### WHAT TO PRODUCE
Lines from the line with "locale cstar_trace = cstar +" to the line with "A \<Longrightarrow> Im" in the entries below, and only those, must be output exactly, with both ends included.

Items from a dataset
+---+

text \<open>By cyclicity, \<open>w ([G, E] * [E, G]) = w (E * Q + Q * E - P * P)\<close> for
  \<open>P = E * G + G * E\<close> and \<open>Q = E * G * G + G * G * E\<close>.\<close>

lemma trace_commutator_mult_eq_0:
  fixes E G :: "'a::real_normed_algebra_1" and w :: "'a \<Rightarrow> 'c::real_vector"
  assumes "linear w" and tracial: "\<And>x y. w (x * y) = w (y * x)"
    and "E * (E * G * G + G * G * E) + (E * G * G + G * G * E) * E = (E * G + G * E) * (E * G + G * E)"
  shows "w ((G * E - E * G) * (E * G - G * E)) = 0"
proof -
  have "(G * E - E * G) * (E * G - G * E)
      = (G * E * E * G - E * E * G * G) + (G * E * E * G - G * G * E * E)
        + ((E * (E * G * G + G * G * E) + (E * G * G + G * G * E) * E) - (E * G + G * E) * (E * G + G * E))"
    by (simp add: algebra_simps)
  moreover have "w (G * E * E * G) = w (E * E * G * G)" "w (G * E * E * G) = w (G * G * E * E)"
    using tracial[of G "E * E * G"] tracial[of "G * E * E" G] by (simp_all add: mult.assoc)
  ultimately show ?thesis
    using assms(3) by (simp add: linear_add[OF assms(1)] linear_diff[OF assms(1)] linear_0[OF assms(1)])
qed

section \<open>C*-algebras with a faithful trace\<close>

locale cstar =
  fixes cs :: "complex \<Rightarrow> 'a::{real_normed_algebra_1,banach} \<Rightarrow> 'a" and adj :: "'a \<Rightarrow> 'a"
  assumes cstar_algebra: "cstar_algebra cs adj"
begin

lemma cs_of_real: "cs (complex_of_real r) x = r *\<^sub>R x"
  using cstar_algebra unfolding cstar_algebra_def by metis

lemma cs_mult: "cs (a * b) x = cs a (cs b x)"
  using cstar_algebra unfolding cstar_algebra_def by metis

lemma cs_mult_left: "cs a (x * y) = cs a x * y"
  using cstar_algebra unfolding cstar_algebra_def by metis

lemma cs_mult_right: "cs a (x * y) = x * cs a y"
  using cstar_algebra unfolding cstar_algebra_def by metis

lemma norm_cs: "norm (cs a x) = cmod a * norm x"
  using cstar_algebra unfolding cstar_algebra_def by metis

lemma adj_adj [simp]: "adj (adj x) = x"
  using cstar_algebra unfolding cstar_algebra_def by metis

lemma adj_add: "adj (x + y) = adj x + adj y"
  using cstar_algebra unfolding cstar_algebra_def by metis

lemma adj_cs: "adj (cs a x) = cs (cnj a) (adj x)"
  using cstar_algebra unfolding cstar_algebra_def by metis

lemma adj_mult: "adj (x * y) = adj y * adj x"
  using cstar_algebra unfolding cstar_algebra_def by metis

lemma norm_adj_mult_self: "norm (adj x * x) = (norm x)\<^sup>2"
  using cstar_algebra unfolding cstar_algebra_def by metis

lemma cs_minus_one: "cs (-1) x = - x"
  using cs_of_real[of "-1" x] by simp

lemma adj_scaleR: "adj (r *\<^sub>R x) = r *\<^sub>R adj x"
  using adj_cs[of "complex_of_real r" x] by (simp add: cs_of_real)

lemma norm_adj [simp]: "norm (adj x) = norm x"
proof -
  have "norm y \<le> norm (adj y)" for y
  proof (cases "y = 0")
    case False
    have "(norm y)\<^sup>2 \<le> norm (adj y) * norm y"
      using norm_adj_mult_self[of y] norm_mult_ineq[of "adj y" y] by simp
    then show ?thesis
      using False by (simp add: power2_eq_square)
  qed simp
  from this[of x] this[of "adj x"] show ?thesis by simp
qed

lemma bounded_linear_adj: "bounded_linear adj"
  by (rule bounded_linear_intro[where K=1]) (auto simp: adj_add adj_scaleR)

sublocale adj: bounded_linear adj
  by (rule bounded_linear_adj)

lemma adj_one [simp]: "adj 1 = 1"
  using adj_mult[of "adj 1" 1] by simp

lemma adj_power: "adj (x ^ n) = adj x ^ n"
  by (induction n) (auto simp: adj_mult power_commutes)

lemma adj_exp: "adj (exp x) = exp (adj x)"
proof -
  have "(\<lambda>n. adj (x ^ n /\<^sub>R fact n)) sums adj (exp x)"
    by (rule adj.sums[OF exp_converges])
  then show ?thesis
    by (simp add: adj_scaleR adj_power sums_iff exp_def)
qed

lemma eq_0_if_adj_mult_self_eq_0: "adj x * x = 0 \<Longrightarrow> x = 0"
  using norm_adj_mult_self[of x] by simp

text \<open>Positivity in \<^const>\<open>faithful_trace\<close> refers only to elements of the form \<open>adj B * B\<close>,
  so \<open>1 - z\<close> needs an explicit self-adjoint square root.\<close>

lemma positive_one_minus:
  assumes "adj z = z" and "norm z < 1"
  shows "positive_el adj (1 - z)"
proof -
  define b where "b = (\<Sum>n. ((1/2::real) gchoose n) *\<^sub>R (- z) ^ n)"
  have "adj b = b"
    unfolding b_def adj.suminf[OF binomial_sqrt_series(1)[OF assms(2)]]
    by (simp add: adj_scaleR adj_power adj.neg assms(1))
  then show ?thesis
    using binomial_sqrt_series(2)[OF assms(2)] unfolding positive_el_def b_def by metis
qed

lemma sa_decomposition:
  obtains h k where "adj h = h" "adj k = k" "x = h + cs \<i> k" "norm h \<le> norm x" "norm k \<le> norm x"
proof
  define h where "h = (1/2) *\<^sub>R (x + adj x)"
  define k where "k = cs (- \<i> / 2) (x - adj x)"
  show "adj h = h"
    by (simp add: h_def adj_scaleR adj_add add.commute)
  have "adj k = cs (\<i> / 2) (- (x - adj x))"
    by (simp add: k_def adj_cs adj.diff)
  also have "\<dots> = k"
    unfolding k_def by (metis cs_minus_one cs_mult minus_divide_left mult_minus1_right)
  finally show "adj k = k" .
  have "cs \<i> k = cs (complex_of_real (1/2)) (x - adj x)"
    by (simp add: k_def flip: cs_mult)
  then have "cs \<i> k = (1/2) *\<^sub>R (x - adj x)"
    using cs_of_real[of "1/2" "x - adj x"] by simp
  then have "h + cs \<i> k = (1/2) *\<^sub>R ((x + adj x) + (x - adj x))"
    by (simp only: h_def scaleR_add_right)
  also have "(x + adj x) + (x - adj x) = 2 *\<^sub>R x"
    by (simp add: scaleR_2)
  finally show "x = h + cs \<i> k"
    by simp
  show "norm h \<le> norm x"
    using norm_triangle_ineq[of x "adj x"] by (simp add: h_def)
  show "norm k \<le> norm x"
    using norm_triangle_ineq4[of x "adj x"] by (simp add: k_def norm_cs)
qed

lemma commute_if_commute_sa:
  assumes "\<And>H. adj H = H \<Longrightarrow> X * H = H * X"
  shows "X * Y = Y * X"
proof -
  obtain h k where hk: "adj h = h" "adj k = k" "Y = h + cs \<i> k"
    using sa_decomposition by metis
  have "X * cs \<i> k = cs \<i> k * X"
    by (metis assms hk(2) cs_mult_left cs_mult_right)
  then show ?thesis
    using assms[OF hk(1)] hk(3) by (simp add: distrib_left distrib_right)
qed

end

locale cstar_trace = cstar +
  fixes tr :: "'a::{real_normed_algebra_1,banach} \<Rightarrow> complex"
  assumes faithful_trace: "faithful_trace cs adj tr"
begin

lemma trace_add: "tr (x + y) = tr x + tr y"
  using faithful_trace unfolding faithful_trace_def by metis

lemma trace_cs: "tr (cs a x) = a * tr x"
  using faithful_trace unfolding faithful_trace_def by metis

lemma trace_positive: "positive_el adj A \<Longrightarrow> Im (tr A) = 0 \<and> Re (tr A) \<ge> 0"
  using faithful_trace unfolding faithful_trace_def by metis

lemma trace_commute: "tr (x * y) = tr (y * x)"
  using faithful_trace unfolding faithful_trace_def by metis

lemma trace_faithful: "positive_el adj A \<Longrightarrow> tr A = 0 \<Longrightarrow> A = 0"
  using faithful_trace unfolding faithful_trace_def by metis

lemma trace_scaleR: "tr (r *\<^sub>R x) = r *\<^sub>R tr x"
  using trace_cs[of "complex_of_real r" x] by (simp add: cs_of_real scaleR_conv_of_real)

lemma trace_diff: "tr (x - y) = tr x - tr y"
  using trace_add[of "x - y" y] by simp

lemma trace_0 [simp]: "tr 0 = 0"
  using trace_diff[of 0 0] by simp

lemma cmod_trace_le_of_norm_lt_1:
  assumes "adj w = w" and "norm w < 1"
  shows "cmod (tr w) \<le> Re (tr 1)"
proof -
  have "positive_el adj (1 - w)"
    using positive_one_minus assms by blast
  then have "Im (tr 1 - tr w) = 0 \<and> Re (tr 1 - tr w) \<ge> 0"
    using trace_positive[of "1 - w"] by (simp add: trace_diff)
  moreover have "positive_el adj (1 + w)"
    using positive_one_minus[of "- w"] assms by (simp add: adj.neg)
  then have "Im (tr 1 + tr w) = 0 \<and> Re (tr 1 + tr w) \<ge> 0"
    using trace_positive[of "1 + w"] by (simp add: trace_add)
  ultimately have "Im (tr w) = 0" and "\<bar>Re (tr w)\<bar> \<le> Re (tr 1)"
    by auto
  then show ?thesis
    by (simp add: cmod_def)
qed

+---+

### REPLY TO THE EXERCISE
locale cstar_trace = cstar +
  fixes tr :: "'a::{real_normed_algebra_1,banach} \<Rightarrow> complex"
  assumes faithful_trace: "faithful_trace cs adj tr"
begin

lemma trace_add: "tr (x + y) = tr x + tr y"
  using faithful_trace unfolding faithful_trace_def by metis

lemma trace_cs: "tr (cs a x) = a * tr x"
  using faithful_trace unfolding faithful_trace_def by metis

lemma trace_positive: "positive_el adj A \<Longrightarrow> Im (tr A) = 0 \<and> Re (tr A) \<ge> 0"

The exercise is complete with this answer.